# is a kid from a CL+ doe going to automatically be CL+??



## Escapegoat (Dec 25, 2014)

Would it be born a carrier or could you pull the kid and it would remain negative? Or are there variables? 
:whatgoat:


----------



## Crossroads Boers (Feb 19, 2011)

No, I don't think so. CAE is transmitted from the dam to kids through the milk... but not CL. CL is mainly transmitted from other goats having contact with the infected puss from a CL abscess.


----------



## Maureen (Jul 6, 2012)

They are not born carriers.
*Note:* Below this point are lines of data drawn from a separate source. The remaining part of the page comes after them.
text \<open>Within a fixed number of insertions, the induction runs downwards along the sum of squared
  degrees, which is bounded on the finite basis.\<close>

lemma corr_eq_of_agree_smaller:
  assumes N: "1 \<le> N" and a: "\<forall>i<N. 2 < a i" and c: "c \<noteq> 0"
    and sys1: "fermat_g0_system N a c corr1" and sys2: "fermat_g0_system N a c corr2"
    and base: "\<forall>j<N. corr1 {#fxpow j 1, fxpow j 1, fxpow j (a j - 2), ftop N a#}
               = corr2 {#fxpow j 1, fxpow j 1, fxpow j (a j - 2), ftop N a#}"
    and M: "set_mset M \<subseteq> fbasis N a" "4 \<le> size M"
    and smaller: "\<And>M'. set_mset M' \<subseteq> fbasis N a \<Longrightarrow> 3 \<le> size M' \<Longrightarrow> size M' < size M \<Longrightarrow>
      corr1 M' = corr2 M'"
  shows "corr1 M = corr2 M"
proof -
  define B where "B = size M * (\<Sum>i<N. a i)\<^sup>2"
  have "corr1 M' = corr2 M'" if "set_mset M' \<subseteq> fbasis N a" "size M' = size M" for M'
    using that
  proof (induction "B - sq_sum N M'" arbitrary: M' rule: less_induct)
    case less
    have larger: "corr1 M'' = corr2 M''"
      if "set_mset M'' \<subseteq> fbasis N a" "size M'' = size M" "sq_sum N M' < sq_sum N M''" for M''
    proof -
      have "sq_sum N M'' \<le> B" using sq_sum_le[OF that(1)] that(2) by (simp add: B_def)
      then have "B - sq_sum N M'' < B - sq_sum N M'" using that(3) by linarith
      then show ?thesis using less.hyps that(1,2) by blast
    qed
    show ?case
      using corr_eq_induction_step[OF N a c sys1 sys2 base less.prems(1)] M less.prems smaller larger
      by simp
  qed
  then show ?thesis using M by blast
qed

theorem proposition4p7:
  fixes N :: nat and a :: "nat \<Rightarrow> nat" and c :: complex
    and corr1 corr2 :: "(nat \<Rightarrow> nat) multiset \<Rightarrow> complex"
  assumes "N \<ge> 1"
    and "\<forall>i<N. a i > 2"
    and "c \<noteq> 0"
    and "fermat_g0_system N a c corr1"
    and "fermat_g0_system N a c corr2"
    and "\<forall>j<N. corr1 {#fxpow j 1, fxpow j 1, fxpow j (a j - 2), ftop N a#}
               = corr2 {#fxpow j 1, fxpow j 1, fxpow j (a j - 2), ftop N a#}"
  shows "\<forall>M. set_mset M \<subseteq> fbasis N a \<and> size M \<ge> 3 \<longrightarrow> corr1 M = corr2 M"
proof (intro allI impI)
  fix M assume "set_mset M \<subseteq> fbasis N a \<and> size M \<ge> 3"
  then show "corr1 M = corr2 M"
  proof (induction "size M" arbitrary: M rule: less_induct)
    case less
    show ?case
    proof (cases "size M = 3")
      case True
      then show ?thesis using corr_eq_size_3[OF assms(4,5)] less.prems by blast
    next
      case False
      then show ?thesis using corr_eq_of_agree_smaller[OF assms, of M] less by simp
    qed
  qed
qed

end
Someone else can better explain. We have a goat from a doe who was symptomatic with CL during late pregnancy. We culled the doe, c-sectioned the kids near the due date and bottle raised. The doeling that we have is now 2 and negative.


----------



## happybleats (Sep 12, 2010)

Its the pus that is infectious, babies are not born with it....As long as there is not a CL cyst in the udder to burst and infect the milk or as long as moms CL cysts are not burst then baby will be fine...take precaustions to protect the kids...


----------



## Escapegoat (Dec 25, 2014)

Thank you! So now then I guess my question would be if it is risky to let a doe with no current symptoms birth naturally and bottle raise the kid? Or is dam raising even ok if the doe had no current symptoms...

Is there a way to tell if there is cysts in udder? (Sorry I've found so little info online!)


----------



## Maureen (Jul 6, 2012)

After going through what we did with the CL+ doe, I personally would not take the chance on dam raising. The doe could have cysts internally, in the udder, etc. IMO, it isn't worth the risk of keeping the disease around by potentially infecting another goat. Even if she isn't showing symptoms.


----------



## CountyLineAcres (Jan 22, 2014)

It would be safer to bottle raise the kid. Stress can also cause CL abscesses, so the dam would be more likely to develop cysts after kidding.


----------



## happybleats (Sep 12, 2010)

Did your goat test positive or did she actually have cystes?? Personally if there are no CL cysts formed and she is healthy other wise I dont see any reason not to let her raise her babies...the chances of CL forming in the udder are rare and usually happens with a heavy infected goat, but it can happen, so each producer needs to make their own choice...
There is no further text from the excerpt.